Is it just an unrolled runops loop for a single sub, with lots of explicit calls to pp-ish functions, or would you try and unroll the pp functions themselves, or something completely different?
Bearing in mind that I don't (yet, fully) understand the affects of all the funky flags (eg. vKP/REFC) that Concise uses to (presumably) represent state information and/or state change requirements that is available to the pp_ish functions ...
Essentially the first of those 3 options. But I don't understand what you mean by your inclusion of the phrase "for a single sub," in that option.
The notion -- in as far as it goes -- is that (starting with the B::Deparse or B::Concise) optree traversal code, that we convert that optree (PCG) into an unrolled runopts loop for the "entire program (fragment)" that has just been compiled and is ready for passing to the runopts loop.
Please don't pick over that description, I am aware it is inadequate!
I *think* that your code block "describing" Yuval's proposal, omits a considerable amount of details -- understandably.
I *think* that in order to capture the control flow -- annotated by the Concise output in the form:
There would need to be conditions and labels and gotos in the generated IR. Except that those things do not happen in the runloop, but within the pp_* functions themselves with the control flow orchestrated by what they return.
So the the question comes: can (or maybe it already is) the format of the PCG be described in LLVM terms, such that LLVM can do the unrolling for us?
Maybe all that is needed is to allow LLVM to see the C structs, typedefs, constants etc. that describe the PCG and let it convert them to its bitcode description. Then hand it the PL_op that starts the ball rolling, and it can unwind the loop, by processing all the "inlined" pp_* functions used by this program (fragment) and thus optimise across the entire call graph for each particular program (fragment). Maybe it will need extra hints.

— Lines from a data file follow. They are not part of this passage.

lemma integral_decay_kernel_upper_half_le:
  fixes s \<gamma> x :: real
  assumes "0 \<le> s" "s \<le> 1" "0 \<le> x" "0 < \<gamma>" "\<gamma> \<le> 1"
  shows "integral {x/2..x} (decay_kernel s \<gamma> x) \<le> 6 * (x + 1) powr - \<gamma>"
proof -
  define P where "P = (x + 1) powr - \<gamma>"
  define Q where "Q = (x + 1) powr (- \<gamma> - 1)"
  define G where "G = (\<lambda>t::real. 4 * s * P * exp (- s * (x - t)) + 4 * s * Q * t)"
  have "integral {x/2..x} (decay_kernel s \<gamma> x) \<le> G x - G (x/2)"
  proof (rule integral_le_antiderivative_diff)
    show "decay_kernel s \<gamma> x integrable_on {x/2..x}"
      by (intro integrable_continuous_interval continuous_on_subset[OF continuous_on_decay_kernel]) auto
    fix t assume t: "t \<in> {x/2..x}"
    show "decay_kernel s \<gamma> x t \<le> 4 * s\<^sup>2 * P * exp (- s * (x - t)) + 4 * s * Q"
      using decay_kernel_le_of_half_le[of s x t \<gamma>] t assms by (simp add: P_def Q_def)
    show "(G has_real_derivative 4 * s\<^sup>2 * P * exp (- s * (x - t)) + 4 * s * Q) (at t within {x/2..x})"
      unfolding G_def by (auto intro!: derivative_eq_intros simp: power2_eq_square)
  qed (use assms in auto)
  also have "G x - G (x/2) = 4 * P * (s - s * exp (- s * x / 2)) + 2 * (s * x) * Q"
    by (simp add: G_def algebra_simps)
  also have "\<dots> \<le> 4 * P * 1 + 2 * P"
  proof (rule add_mono)
    have "0 \<le> s * exp (- s * x / 2)"
      using assms by simp
    hence "s - s * exp (- s * x / 2) \<le> 1"
      using assms by linarith
    thus "4 * P * (s - s * exp (- s * x / 2)) \<le> 4 * P * 1"
      by (rule mult_left_mono) (simp add: P_def)
    have "s * x * Q \<le> (x + 1) * Q"
      using assms mult_left_le_one_le[of x s] by (intro mult_right_mono) (auto simp: Q_def)
    also have "(x + 1) * Q = P"
      using assms by (simp add: P_def Q_def powr_mult_base)
    finally show "2 * (s * x) * Q \<le> 2 * P"
      by simp
  qed
  finally show ?thesis
    by (simp add: P_def)
qed

lemma integral_decay_kernel_le:
  fixes s \<gamma> x :: real
  assumes "0 \<le> s" "s \<le> 1" "0 \<le> x" "1/2 < \<gamma>" "\<gamma> \<le> 1"
  shows "integral {0..x} (decay_kernel s \<gamma> x) \<le> 19 * (x + 1) powr - \<gamma>"
proof -
  have "integral {0..x} (decay_kernel s \<gamma> x)
      = integral {0..x/2} (decay_kernel s \<gamma> x) + integral {x/2..x} (decay_kernel s \<gamma> x)"
    using assms by (intro Henstock_Kurzweil_Integration.integral_combine[symmetric]
        integrable_continuous_interval continuous_on_decay_kernel) auto
  thus ?thesis
    using integral_decay_kernel_lower_half_le[OF assms] integral_decay_kernel_upper_half_le[of s x \<gamma>] assms
    by simp
qed

lemma has_vector_derivative_exp_mult:
  fixes c :: complex
  shows "((\<lambda>t. exp (c * of_real t)) has_vector_derivative c * exp (c * t)) (at t within S)"
  by (rule has_vector_derivative_real_field) (auto intro!: derivative_eq_intros)

definition osc_weight :: "complex \<Rightarrow> real \<Rightarrow> real \<Rightarrow> complex" where
  "osc_weight c \<gamma> t = (exp (c * t) - 1) * of_real ((t + 1) powr - \<gamma>)"

definition osc_weight' :: "complex \<Rightarrow> real \<Rightarrow> real \<Rightarrow> complex" where
  "osc_weight' c \<gamma> t =
     c * exp (c * t) * of_real ((t + 1) powr - \<gamma>) - (exp (c * t) - 1) * of_real (\<gamma> * (t + 1) powr (- \<gamma> - 1))"

definition osc_weight'' :: "complex \<Rightarrow> real \<Rightarrow> real \<Rightarrow> complex" where
  "osc_weight'' c \<gamma> t =
     c\<^sup>2 * exp (c * t) * of_real ((t + 1) powr - \<gamma>) - 2 * c * exp (c * t) * of_real (\<gamma> * (t + 1) powr (- \<gamma> - 1))
     + (exp (c * t) - 1) * of_real (\<gamma> * (\<gamma> + 1) * (t + 1) powr (- \<gamma> - 2))"

lemma has_vector_derivative_osc_weight:
  "t > -1 \<Longrightarrow> (osc_weight c \<gamma> has_vector_derivative osc_weight' c \<gamma> t) (at t within S)"
  unfolding osc_weight_def osc_weight'_def
  by (auto intro!: derivative_eq_intros has_vector_derivative_exp_mult simp: algebra_simps)

lemma has_vector_derivative_osc_weight':
  "t > -1 \<Longrightarrow> (osc_weight' c \<gamma> has_vector_derivative osc_weight'' c \<gamma> t) (at t within S)"
  unfolding osc_weight'_def osc_weight''_def
  by (auto intro!: derivative_eq_intros has_vector_derivative_exp_mult simp: algebra_simps power2_eq_square)

lemma norm_osc_weight'_le:
  fixes c :: complex and \<gamma> t :: real
  assumes "0 \<le> Re c" "0 \<le> t" "0 \<le> \<gamma>" "\<gamma> \<le> 1"
  shows "cmod (osc_weight' c \<gamma> t) \<le> 3 * cmod c * exp (Re c * t) * (t + 1) powr - \<gamma>"
proof -
  let ?E = "exp (Re c * t)" and ?p = "(t + 1) powr - \<gamma>" and ?r = "(t + 1) powr (- \<gamma> - 1)"
  have "cmod (osc_weight' c \<gamma> t) \<le> cmod c * ?E * ?p + cmod (exp (c * t) - 1) * (\<gamma> * ?r)"
    unfolding osc_weight'_def
    using norm_triangle_ineq4[of "c * exp (c * t) * of_real ?p" "(exp (c * t) - 1) * of_real (\<gamma> * ?r)"] assms
    by (simp add: norm_mult)
  also have "\<dots> \<le> cmod c * ?E * ?p + (2 * cmod c * t * ?E) * (1 * ?r)"
    using norm_exp_mult_minus_one_le[of c t] assms by (intro add_left_mono mult_mono) auto
  also have "\<dots> \<le> cmod c * ?E * ?p + 2 * cmod c * ?E * ?p"
    using mult_powr_diff_one_le[of t "- \<gamma>"] assms
    by (simp add: mult_left_mono mult.assoc mult.left_commute[of t])
  finally show ?thesis
    by simp
qed

lemma norm_osc_weight''_le:
  fixes c :: complex and \<gamma> t :: real
  assumes "0 \<le> Re c" "0 \<le> t" "0 \<le> \<gamma>" "\<gamma> \<le> 1"
  shows "cmod (osc_weight'' c \<gamma> t)
    \<le> exp (Re c * t) * ((cmod c)\<^sup>2 * (t + 1) powr - \<gamma> + 6 * cmod c * (t + 1) powr (- \<gamma> - 1))"
proof -
  let ?E = "exp (Re c * t)" and ?p = "(t + 1) powr - \<gamma>"
    and ?r = "(t + 1) powr (- \<gamma> - 1)" and ?q = "(t + 1) powr (- \<gamma> - 2)"
  have "cmod (osc_weight'' c \<gamma> t)
      \<le> (cmod c)\<^sup>2 * ?E * ?p + 2 * cmod c * ?E * (\<gamma> * ?r) + cmod (exp (c * t) - 1) * (\<gamma> * (\<gamma> + 1) * ?q)"
    unfolding osc_weight''_def
    using norm_triangle_ineq4[of "c\<^sup>2 * exp (c * t) * of_real ?p" "2 * c * exp (c * t) * of_real (\<gamma> * ?r)"]
      norm_triangle_ineq[of "c\<^sup>2 * exp (c * t) * of_real ?p - 2 * c * exp (c * t) * of_real (\<gamma> * ?r)"
        "(exp (c * t) - 1) * of_real (\<gamma> * (\<gamma> + 1) * ?q)"] assms
    by (simp add: norm_mult norm_power)
  also have "\<dots> \<le> (cmod c)\<^sup>2 * ?E * ?p + 2 * cmod c * ?E * ?r + (2 * cmod c * t * ?E) * (2 * ?q)"
  proof -
    have "2 * cmod c * ?E * (\<gamma> * ?r) \<le> 2 * cmod c * ?E * (1 * ?r)"
      using assms by (intro mult_left_mono mult_right_mono) auto
    moreover have "\<gamma> * (\<gamma> + 1) * ?q \<le> 2 * ?q"
      using assms mult_mono[of \<gamma> 1 "\<gamma> + 1" 2] by (intro mult_right_mono) auto
    hence "cmod (exp (c * t) - 1) * (\<gamma> * (\<gamma> + 1) * ?q) \<le> (2 * cmod c * t * ?E) * (2 * ?q)"
      using assms norm_exp_mult_minus_one_le[of c t] by (intro mult_mono) auto
    ultimately show ?thesis
      by simp
  qed
  also have "(2 * cmod c * t * ?E) * (2 * ?q) = 4 * cmod c * ?E * (t * ?q)"
    by simp
  also have "\<dots> \<le> 4 * cmod c * ?E * ?r"
  proof (rule mult_left_mono)
    show "t * ?q \<le> ?r"
      using mult_powr_diff_one_le[of t "- \<gamma> - 1"] assms by (metis diff_diff_eq one_add_one)
  qed simp
  finally show ?thesis
    by (simp add: algebra_simps)
qed
definition prewedge :: "('a \<Rightarrow> 'a \<Rightarrow> 'a) \<Rightarrow> 'a \<Rightarrow> (real \<Rightarrow> 'a \<Rightarrow> 'a) \<Rightarrow> bool" where
  "prewedge add zero smult \<longleftrightarrow>
     (\<forall>v w. add v w = add w v) \<and>
     (\<forall>u v w. add (add u v) w = add u (add v w)) \<and>
     (\<forall>v. add v zero = v) \<and>
     (\<forall>l e v. 0 \<le> l \<longrightarrow> 0 \<le> e \<longrightarrow> smult l (smult e v) = smult (l * e) v) \<and>
     (\<forall>v. smult 0 v = zero) \<and>
     (\<forall>v. smult 1 v = v) \<and>
     (\<forall>l e v. 0 \<le> l \<longrightarrow> 0 \<le> e \<longrightarrow> smult (l + e) v = add (smult l v) (smult e v)) \<and>
     (\<forall>l v w. 0 \<le> l \<longrightarrow> smult l (add v w) = add (smult l v) (smult l w))"

definition wle :: "('a \<Rightarrow> 'a \<Rightarrow> 'a) \<Rightarrow> 'a \<Rightarrow> 'a \<Rightarrow> bool" where
  "wle add v w \<longleftrightarrow> (\<exists>z. add v z = w)"

definition is_sup :: "('a \<Rightarrow> 'a \<Rightarrow> 'a) \<Rightarrow> 'a set \<Rightarrow> 'a \<Rightarrow> bool" where
  "is_sup add S s \<longleftrightarrow> (\<forall>x\<in>S. wle add x s) \<and> (\<forall>u. (\<forall>x\<in>S. wle add x u) \<longrightarrow> wle add s u)"

definition is_inf :: "('a \<Rightarrow> 'a \<Rightarrow> 'a) \<Rightarrow> 'a set \<Rightarrow> 'a \<Rightarrow> bool" where
  "is_inf add S s \<longleftrightarrow> (\<forall>x\<in>S. wle add s x) \<and> (\<forall>u. (\<forall>x\<in>S. wle add u x) \<longrightarrow> wle add u s)"

definition wedge :: "('a \<Rightarrow> 'a \<Rightarrow> 'a) \<Rightarrow> 'a \<Rightarrow> (real \<Rightarrow> 'a \<Rightarrow> 'a) \<Rightarrow> bool" where
  "wedge add zero smult \<longleftrightarrow> prewedge add zero smult \<and>
     (\<forall>v w. wle add v w \<longrightarrow> wle add w v \<longrightarrow> v = w) \<and>
     (\<forall>v. is_sup add {smult e v | e. 0 \<le> e \<and> e < 1} v)"

definition directed :: "('a \<Rightarrow> 'a \<Rightarrow> 'a) \<Rightarrow> 'a set \<Rightarrow> bool" where
  "directed add D \<longleftrightarrow> D \<noteq> {} \<and> (\<forall>x\<in>D. \<forall>y\<in>D. \<exists>z\<in>D. wle add x z \<and> wle add y z)"

definition cone :: "('a \<Rightarrow> 'a \<Rightarrow> 'a) \<Rightarrow> 'a \<Rightarrow> (real \<Rightarrow> 'a \<Rightarrow> 'a) \<Rightarrow> bool" where
  "cone add zero smult \<longleftrightarrow> wedge add zero smult \<and>
     (\<forall>D. directed add D \<longrightarrow> (\<exists>s. is_sup add D s))"

text \<open>Infimum (unique in a wedge by antisymmetry).\<close>
definition winf :: "('a \<Rightarrow> 'a \<Rightarrow> 'a) \<Rightarrow> 'a set \<Rightarrow> 'a" where
  "winf add S = (THE s. is_inf add S s)"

I agree with you that simply unrolling the loop -- if that is even possible -- is unlikely to obtain big gains. As is, simply optimising individual pp_* functions. The only possibility of substantial gains is from getting LLVM to consider complete code graphs as single units and look for optimisation across the while kit&caboodle.
Maybe that Concise snippet you posted needs to be (manually) translated into (something like):
Maybe then it will find lots of unused (by this snippet) code paths that can be trimmed. Maybe it will see the same queries, checks and alerts being performed on the same data multiple times in different expansions. Maybe it will see frequent and expensive indirect accesses to fields in (sub)structures that can be lifted to SSAs. Maybe ... :)
Will it find enough to make it worth while? I don't know. But I don't believe that anyone will until we try.
All I have been seeking is the least effort approach to enabling that investigation. And seeking to inspire someone with the skills and knowledge -- even if not the time and energy -- to direct the process of enabling it.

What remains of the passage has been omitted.